Haruki Murakami’s New Novel “The City and its Uncertain Wall” Publishes on His 75th Birthday

New novel for your birthday

By Yuriko Wahl-Immel (dpa)

Thu, January 11, 2024 at 11:17 a.m

cultural

On Haruki Murakami’s birthday, his new novel “The City and its Uncertain Wall” is being published in this country – the story of an undying love and a mysterious place at the end of the world.

Cologne/Tokyo (dpa) – She is sixteen, he is seventeen and madly in love. A tender relationship, sometime and somewhere in Japan. The best-selling author Haruki Murakami weaves a fascinating love and life story in his new novel “The City and its Uncertain Wall” and blurs the real and surreal worlds.

The title will be released in this country exactly on the Japanese writer’s 75th birthday this Friday (January 12th) – and as is often the case with Murakami, the protagonists move between dream, reality, fantasy and fiction. Murakami is one of the most important authors of contemporary Japanese literature and also enjoys cult status in the West.

His new story plays with the supernatural on several levels and again and again a mysterious city behind an insurmountable wall captivates. The first-person narrator, who remains nameless throughout the 600-plus pages, longs for the girl who, after an intimate and romantic year, suddenly disappears without explanation. “The real me lives in the city with the high walls,” she once said. Nobody can just get in or out there. But for him, the 17-year-old, there is a place there as a dream reader.

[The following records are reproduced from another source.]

text \<open>Relative strong path object for a fibration p : Y \<rightarrow> X: a pullback
  Y \<times>_X Y with projections pr1, pr2, and a factorization k \<circ> s of the diagonal,
  k a fibration, pr1 \<circ> k an acyclic fibration.\<close>
definition has_rel_strong_path :: "('o, 'm) cat \<Rightarrow> 'm set \<Rightarrow> 'm set \<Rightarrow> 'm \<Rightarrow> bool" where
  "has_rel_strong_path C Cof Fib p \<longleftrightarrow>
     (\<exists>pr1 pr2 s k. is_pullback C p p pr2 pr1 \<and>
        k \<in> arr C \<and> tgt C k = src C pr1 \<and> s \<in> hom C (src C p) (src C k) \<and>
        k \<in> Fib \<and>
        cmp C pr1 (cmp C k s) = ident C (src C p) \<and>
        cmp C pr2 (cmp C k s) = ident C (src C p) \<and>
        acyclic_fib C Cof Fib (cmp C pr1 k))"

end

theory Submission
  imports Defs
begin

(* (i) \<Rightarrow> (ii): let i : A \<rightarrow> B and j : B \<rightarrow> C be as in (ii), and (u : B \<rightarrow> Y, v : C \<rightarrow> X)
   a lifting problem of j against a fibration p between fibrant objects.  Factoring u as a
   cofibration followed by an acyclic fibration reduces to the case of a cofibrant Y, where p has a
   relative strong path object Y \<rightarrow> P \<rightarrow> Y \<times>\<^sub>X Y.  Lifting against the acyclic
   cofibration j i gives h0 : C \<rightarrow> Y over v with h0 j i = u i.  The maps h0 j and u agree on A
   and over X, so lifting i against P \<rightarrow> Y \<times>\<^sub>X Y gives a homotopy H : B \<rightarrow> P from
   h0 j to u; lifting j against the acyclic fibration P \<rightarrow> Y (the first endpoint) extends H to a
   homotopy on C starting at h0, whose other endpoint solves the problem.  (ii) \<Rightarrow> (iii) holds
   with J the class of all acyclic cofibrations.

   (iii) \<Rightarrow> (i): factor the diagonal of p as s \<in> J followed by a fibration
   P \<rightarrow> Y \<times>\<^sub>X Y; it remains to show that the first endpoint q : P \<rightarrow> Y, which has
   the section s, is an acyclic fibration.  Factor q = a c with a an acyclic fibration.  Then c s
   has the acyclic fibration a as a retraction, which makes it a retract of the acyclic cofibration
   B \<rightarrow> I\<^sub>A B of its relative strong cylinder; so c s is acyclic, hence so is c by (iii),
   and q is a retract of a. *)

lemma hom_iff: "f \<in> hom C X Y \<longleftrightarrow> f \<in> arr C \<and> src C f = X \<and> tgt C f = Y"
  by (simp add: hom_def)

lemma llpI:
  assumes "i \<in> arr C" "p \<in> arr C"
    and "\<And>u v. u \<in> hom C (src C i) (src C p) \<Longrightarrow> v \<in> hom C (tgt C i) (tgt C p) \<Longrightarrow>
           cmp C p u = cmp C v i \<Longrightarrow> \<exists>h\<in>hom C (tgt C i) (src C p). cmp C h i = u \<and> cmp C p h = v"
  shows "llp C i p"
  using assms unfolding llp_def by blast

And so the adolescent’s search for his beloved begins and a mysterious, fluid transition between worlds. He finds the strange city and reads old dreams that are piled up in a library every evening. The love of his life is sitting opposite him – but, painfully, she doesn’t recognize him here.

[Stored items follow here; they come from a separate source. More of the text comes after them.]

lemma bounded_dichotomy_if_normal_prod:
  assumes bX: "ballean \<E>X" and bY: "ballean \<E>Y" and normal: "normal_ballean (prod_ballean \<E>X \<E>Y)"
  shows "\<exists>\<Phi> \<Psi>. bounded_dichotomy \<E>X \<E>Y \<Phi> \<Psi>"
proof -
  fix x0 y0
  obtain U V where U: "asymp_nbhd (prod_ballean \<E>X \<E>Y) U (UNIV \<times> {y0})"
    and V: "asymp_nbhd (prod_ballean \<E>X \<E>Y) V ({x0} \<times> UNIV)" and "U \<inter> V = {}"
    using normal asymp_disjoint_axes[of \<E>X \<E>Y y0 x0] unfolding normal_ballean_def by blast
  have V': "asymp_nbhd (prod_ballean \<E>Y \<E>X) (prod.swap ` V) (UNIV \<times> {x0})"
    using iffD2[OF asymp_nbhd_map_ballean_image_iff[OF bij_swap] V]
    unfolding prod_ballean_swap[symmetric] product_swap .
  have "\<exists>D. bbounded \<E>Y D \<and> C \<times> (- D) \<subseteq> V" if C: "bbounded \<E>X C" for C
  proof -
    obtain D where D: "bbounded \<E>Y D" "(- D) \<times> C \<subseteq> prod.swap ` V"
      using asymp_nbhd_axis_contains_strip[OF bY bX V' C] by blast
    have "C \<times> (- D) \<subseteq> prod.swap ` prod.swap ` V"
      using image_mono[OF D(2), of prod.swap] by (simp add: product_swap)
    then show ?thesis
      using D(1) by (auto simp: image_image)
  qed
  then obtain \<Psi> where \<Psi>: "\<And>C. bbounded \<E>X C \<Longrightarrow> bbounded \<E>Y (\<Psi> C) \<and> C \<times> (- \<Psi> C) \<subseteq> V"
    by metis
  obtain \<Phi> where \<Phi>: "\<And>D. bbounded \<E>Y D \<Longrightarrow> bbounded \<E>X (\<Phi> D) \<and> (- \<Phi> D) \<times> D \<subseteq> U"
    using asymp_nbhd_axis_contains_strip[OF bX bY U] by metis
  have "C \<subseteq> \<Phi> D \<or> D \<subseteq> \<Psi> C" if "bbounded \<E>X C" "bbounded \<E>Y D" for C D
    using \<Phi>[OF that(2)] \<Psi>[OF that(1)] \<open>U \<inter> V = {}\<close> by blast
  then show ?thesis
    unfolding bounded_dichotomy_def using \<Phi> \<Psi> by blast
qed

The novel was written during the pandemic

Murakami, who loves to travel and travels a lot, wrote the novel under the “rather strange and tense conditions” of the pandemic. “At the beginning of March 2020, when the virus began to rage in Japan,” he started, wrote day after day, hardly left the house until he finished the book at the end of 2022, as the author adds in the afterword.

Unusual: The origin of the work is an approximately 100-page story of the same name, which he published in a magazine after his studies in 1980 – when he was still running a jazz bar in Tokyo. At the time, Murakami was not convinced by the story and wanted to revise it thoroughly later, as he explains in the afterword. Because: “The text always bothered me, even bothered me, like a small bone stuck in my throat. This small bone was very important for me (as a writer and as a person).”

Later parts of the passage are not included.